(What is required)
Collect all lines containing the word "identities" from the data.

:: Source information ::

(* The variety $\mathsf{V}(S_{(4,467)})$ is the ai-semiring variety defined by the identities $xy\approx yx$, $x^2y\approx xy$, $x^2\approx x^2+x$, $x+xyz\approx x+xyz+xy$, $x_1x_2+x_3x_4\approx x_1x_2+x_3x_4+x_1x_2x_3x_4$.
   Context: An ai-semiring is an algebra $(S,+,\cdot)$ with $(S,+)$ a semilattice, $(S,\cdot)$ a semigroup, and both distributive laws. $\mathsf{V}(S)$ is the variety generated by $S$; "the ai-semiring variety defined by identities $\Sigma$" is the class of all ai-semirings satisfying $\Sigma$. $S_{(4,467)}$ has carrier $\{1,2,3,4\}$; addition: $x+x=x$, $2+x=x$, $1+x=1$ for all $x$, $3+4=1$; multiplication (row $a$, column $b$ gives $a\cdot b$): row $1$: $1,3,3,1$; row $2$: $3,2,3,3$; row $3$: $3,3,3,3$; row $4$: $1,3,3,1$. *)

theory Defs
  imports Main
begin

datatype 'v trm = Var 'v | Add "'v trm" "'v trm" | Mul "'v trm" "'v trm"

fun eval :: "('a \<Rightarrow> 'a \<Rightarrow> 'a) \<Rightarrow> ('a \<Rightarrow> 'a \<Rightarrow> 'a) \<Rightarrow> ('v \<Rightarrow> 'a) \<Rightarrow> 'v trm \<Rightarrow> 'a" where
  "eval ad mu \<sigma> (Var v) = \<sigma> v"
| "eval ad mu \<sigma> (Add p q) = ad (eval ad mu \<sigma> p) (eval ad mu \<sigma> q)"
| "eval ad mu \<sigma> (Mul p q) = mu (eval ad mu \<sigma> p) (eval ad mu \<sigma> q)"

definition closed_alg :: "'a set \<Rightarrow> ('a \<Rightarrow> 'a \<Rightarrow> 'a) \<Rightarrow> ('a \<Rightarrow> 'a \<Rightarrow> 'a) \<Rightarrow> bool" where
  "closed_alg A ad mu \<longleftrightarrow> (\<forall>x\<in>A. \<forall>y\<in>A. ad x y \<in> A \<and> mu x y \<in> A)"

definition satisfies :: "'a set \<Rightarrow> ('a \<Rightarrow> 'a \<Rightarrow> 'a) \<Rightarrow> ('a \<Rightarrow> 'a \<Rightarrow> 'a) \<Rightarrow> 'v trm \<Rightarrow> 'v trm \<Rightarrow> bool" where
  "satisfies A ad mu p q \<longleftrightarrow> (\<forall>\<sigma>. (\<forall>v. \<sigma> v \<in> A) \<longrightarrow> eval ad mu \<sigma> p = eval ad mu \<sigma> q)"

definition ai_semiring :: "'a set \<Rightarrow> ('a \<Rightarrow> 'a \<Rightarrow> 'a) \<Rightarrow> ('a \<Rightarrow> 'a \<Rightarrow> 'a) \<Rightarrow> bool" where
  "ai_semiring A ad mu \<longleftrightarrow> closed_alg A ad mu \<and>
     (\<forall>x\<in>A. \<forall>y\<in>A. \<forall>z\<in>A.
        ad (ad x y) z = ad x (ad y z) \<and> ad x y = ad y x \<and> ad x x = x \<and>
        mu (mu x y) z = mu x (mu y z) \<and>
        mu x (ad y z) = ad (mu x y) (mu x z) \<and>
        mu (ad x y) z = ad (mu x z) (mu y z))"

datatype s4 = E1 | E2 | E3 | E4

fun add4 :: "s4 \<Rightarrow> s4 \<Rightarrow> s4" where
  "add4 E1 _ = E1"
| "add4 _ E1 = E1"
| "add4 E2 y = y"
| "add4 x E2 = x"
| "add4 E3 E3 = E3"
| "add4 E4 E4 = E4"
| "add4 E3 E4 = E1"
| "add4 E4 E3 = E1"

fun mul4 :: "s4 \<Rightarrow> s4 \<Rightarrow> s4" where
  "mul4 E1 E1 = E1" | "mul4 E1 E2 = E3" | "mul4 E1 E3 = E3" | "mul4 E1 E4 = E1"
| "mul4 E2 E1 = E3" | "mul4 E2 E2 = E2" | "mul4 E2 E3 = E3" | "mul4 E2 E4 = E3"
| "mul4 E3 _ = E3"
| "mul4 E4 E1 = E1" | "mul4 E4 E2 = E3" | "mul4 E4 E3 = E3" | "mul4 E4 E4 = E1"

:::

(Result)
(* The variety $\mathsf{V}(S_{(4,467)})$ is the ai-semiring variety defined by the identities $xy\approx yx$, $x^2y\approx xy$, $x^2\approx x^2+x$, $x+xyz\approx x+xyz+xy$, $x_1x_2+x_3x_4\approx x_1x_2+x_3x_4+x_1x_2x_3x_4$.
   Context: An ai-semiring is an algebra $(S,+,\cdot)$ with $(S,+)$ a semilattice, $(S,\cdot)$ a semigroup, and both distributive laws. $\mathsf{V}(S)$ is the variety generated by $S$; "the ai-semiring variety defined by identities $\Sigma$" is the class of all ai-semirings satisfying $\Sigma$. $S_{(4,467)}$ has carrier $\{1,2,3,4\}$; addition: $x+x=x$, $2+x=x$, $1+x=1$ for all $x$, $3+4=1$; multiplication (row $a$, column $b$ gives $a\cdot b$): row $1$: $1,3,3,1$; row $2$: $3,2,3,3$; row $3$: $3,3,3,3$; row $4$: $1,3,3,1$. *)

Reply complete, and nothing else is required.